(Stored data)
lemma word_F_append_avoiding:
  assumes "i \<notin> set u" "Suc i \<notin> set u" "i \<notin> set v" "Suc i \<notin> set v"
  shows "word_F i (u @ w @ v) = map_option (\<lambda>w'. u @ w' @ v) (word_F i w)"
proof -
  have ps: "unmatched_pos i 0 0 (u @ w @ v) = map (\<lambda>x. x + length u) (unmatched_pos i 0 0 w)"
    using assms unmatched_pos_shift[of i 0 0 "length u" w]
    by (simp add: unmatched_pos_append_avoiding_left unmatched_pos_append_avoiding_right)
  show ?thesis
  proof (cases "unmatched_pos i 0 0 w = []")
    case False
    then have "last (unmatched_pos i 0 0 w) < length w"
      using unmatched_pos_nth[of "last (unmatched_pos i 0 0 w)" i 0 0 w] by simp
    with False show ?thesis
      by (simp add: word_F_def Let_def ps last_map list_update_append)
  qed (simp add: word_F_def ps)
qed

lemma split_lengths_map_length: "split_lengths (map length Ts) (concat Ts) = Ts"
  by (induction Ts) auto

lemma concat_split_lengths: "concat (split_lengths ls w) = take (sum_list ls) w"
  by (induction ls arbitrary: w) (auto simp: take_add)

lemma unread_reading_word: "unread (map length T) (reading_word T) = T"
  by (simp add: unread_def reading_word_def rev_map split_lengths_map_length)

lemma reading_word_unread:
  assumes "length w = length (reading_word T)"
  shows "reading_word (unread (map length T) w) = w"
proof -
  have "sum_list (rev (map length T)) = length w"
    using assms by (simp add: reading_word_def length_concat rev_map[symmetric])
  then show ?thesis
    by (simp add: unread_def reading_word_def concat_split_lengths)
qed

lemma crystal_F_SomeD_word_F:
  assumes "crystal_F i T = Some T'"
  shows "word_F i (reading_word T) = Some (reading_word T')"
proof -
  obtain w' where w': "word_F i (reading_word T) = Some w'"
    and T': "T' = unread (map length T) w'"
    using assms by (auto simp: crystal_F_eq_word_F)
  have "length w' = length (reading_word T)"
    using word_F_SomeD[OF w'] by auto
  then have "reading_word T' = w'"
    unfolding T' by (rule reading_word_unread)
  with w' show ?thesis by simp
qed

lemma crystal_F_SomeD:
  "crystal_F i T = Some T' \<Longrightarrow> \<exists>p < length (reading_word T). reading_word T ! p = i \<and>
     reading_word T' = (reading_word T)[p := Suc i]"
  by (rule word_F_SomeD[OF crystal_F_SomeD_word_F])

lemma crystal_F_eq_Some_iff:
  assumes "map length T' = map length T"
  shows "crystal_F i T = Some T' \<longleftrightarrow> word_F i (reading_word T) = Some (reading_word T')"
  using crystal_F_SomeD_word_F[of i T T'] unread_reading_word[of T'] assms
  by (auto simp: crystal_F_eq_word_F)

lemma crystal_F_eq_Some_iff_middle:
  assumes "reading_word T = u @ w @ v" "reading_word T' = u @ w' @ v"
    and "map length T' = map length T"
    and "i \<notin> set u" "Suc i \<notin> set u" "i \<notin> set v" "Suc i \<notin> set v"
  shows "crystal_F i T = Some T' \<longleftrightarrow> word_F i w = Some w'"
  using assms by (auto simp: crystal_F_eq_Some_iff word_F_append_avoiding)

section \<open>Grading by the entry sum\<close>

definition tableau_rank :: "nat list list \<Rightarrow> nat" where
  "tableau_rank T = sum_list (reading_word T)"

lemma tableau_rank_crystal_F:
  "crystal_F i T = Some T' \<Longrightarrow> tableau_rank T' = Suc (tableau_rank T)"
  by (auto simp: tableau_rank_def sum_list_update dest!: crystal_F_SomeD)

lemma crystal_le_step:
  "T \<in> crystal_B nu N \<Longrightarrow> i \<in> {1..N} \<Longrightarrow> crystal_F i T = Some T' \<Longrightarrow> crystal_le nu N T T'"
  unfolding crystal_le_def crystal_step_def by blast

lemma crystal_le_trans [trans]:
  "crystal_le nu N T U \<Longrightarrow> crystal_le nu N U V \<Longrightarrow> crystal_le nu N T V"
  unfolding crystal_le_def by (rule rtrancl_trans)

lemma crystal_le_rank_mono:
  "crystal_le nu N T T' \<Longrightarrow> tableau_rank T \<le> tableau_rank T'"
  unfolding crystal_le_def
  by (induction rule: rtrancl_induct) (auto simp: crystal_step_def dest!: tableau_rank_crystal_F)

lemma crystal_le_rank_antisym:
  assumes "crystal_le nu N T T'" "tableau_rank T' \<le> tableau_rank T"
  shows "T = T'"
  using assms(1) unfolding crystal_le_def
proof (cases rule: converse_rtranclE)
  case (step U)
  then have "tableau_rank U \<le> tableau_rank T'"
    using crystal_le_rank_mono unfolding crystal_le_def by blast
  moreover have "tableau_rank U = Suc (tableau_rank T)"
    using step(1) tableau_rank_crystal_F unfolding crystal_step_def by blast
  ultimately show ?thesis using assms(2) by simp
qed

lemma crystal_le_cover:
  assumes "crystal_le nu N T T'" "tableau_rank T' = Suc (tableau_rank T)"
  shows "\<exists>i\<in>{1..N}. crystal_F i T = Some T'"
  using assms(1) unfolding crystal_le_def
proof (cases rule: converse_rtranclE)
  case base
  with assms(2) show ?thesis by simp
next
  case (step U)
  then obtain i where i: "i \<in> {1..N}" "crystal_F i T = Some U"
    unfolding crystal_step_def by blast
  have "U = T'"
    using crystal_le_rank_antisym[of nu N U T'] step(2) assms(2) tableau_rank_crystal_F[OF i(2)]
    unfolding crystal_le_def by simp
  with i show ?thesis by blast
qed

lemma not_crystal_le_cover:
  assumes rw: "reading_word T = u @ w @ v" "reading_word T' = u @ w' @ v"
    and rank: "tableau_rank T' = Suc (tableau_rank T)"
    and q: "q < length w" "length w' = length w" "w ! q \<noteq> w' ! q"
    and not_F: "crystal_F (w ! q) T \<noteq> Some T'"
  shows "\<not> crystal_le nu N T T'"
proof
  assume "crystal_le nu N T T'"
  then obtain i where F: "crystal_F i T = Some T'"
    using crystal_le_cover rank by blast
  then obtain p where p: "reading_word T ! p = i" "reading_word T' = (reading_word T)[p := Suc i]"
    using crystal_F_SomeD by blast
  have "reading_word T ! (length u + q) \<noteq> reading_word T' ! (length u + q)"
    using rw q by (simp add: nth_append)
  then have "p = length u + q"
    using p(2) by (metis nth_list_update_neq)
  then have "i = w ! q"
    using p(1) rw q(1) by (simp add: nth_append)
  with F not_F show False by simp
qed

lemma not_is_lattice_on_ranked:
  fixes rank :: "'a \<Rightarrow> nat"
  assumes rank_mono: "\<And>a b. le a b \<Longrightarrow> rank a \<le> rank b"
    and rank_antisym: "\<And>a b. le a b \<Longrightarrow> rank b \<le> rank a \<Longrightarrow> a = b"
    and S: "x \<in> S" "y \<in> S" "z \<in> S" "z' \<in> S"
    and upper: "le x z" "le y z" "le x z'" "le y z'"
    and cover: "rank z = Suc (rank y)"
    and incomparable: "\<not> le x y" "\<not> le z z'"
  shows "\<not> is_lattice_on S le"
proof
  assume "is_lattice_on S le"
  then obtain j where j: "le x j" "le y j"
    and least: "\<forall>u\<in>S. le x u \<and> le y u \<longrightarrow> le j u"
    using S(1,2) unfolding is_lattice_on_def by blast
  have "le j z" "le j z'"
    using least S(3,4) upper by blast+
  consider "rank j \<le> rank y" | "rank z \<le> rank j"
    using rank_mono[OF \<open>le j z\<close>] cover by linarith
  then show False
  proof cases
    case 1
    then have "y = j" using rank_antisym j(2) by blast
    with j(1) incomparable(1) show False by simp
  next
    case 2
    then have "j = z" using rank_antisym \<open>le j z\<close> by blast
    with \<open>le j z'\<close> incomparable(2) show False by simp
  qed
qed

● Description of the task: Exactly the lines from the one with "using least S(3,4) upper by blast+" through the end of the entries, both included, should be written out, and no others.

● Output below:
    using least S(3,4) upper by blast+
  consider "rank j \<le> rank y" | "rank z \<le> rank j"
    using rank_mono[OF \<open>le j z\<close>] cover by linarith
  then show False
  proof cases
    case 1
    then have "y = j" using rank_antisym j(2) by blast
    with j(1) incomparable(1) show False by simp
  next
    case 2
    then have "j = z" using rank_antisym \<open>le j z\<close> by blast
    with \<open>le j z'\<close> incomparable(2) show False by simp
  qed
qed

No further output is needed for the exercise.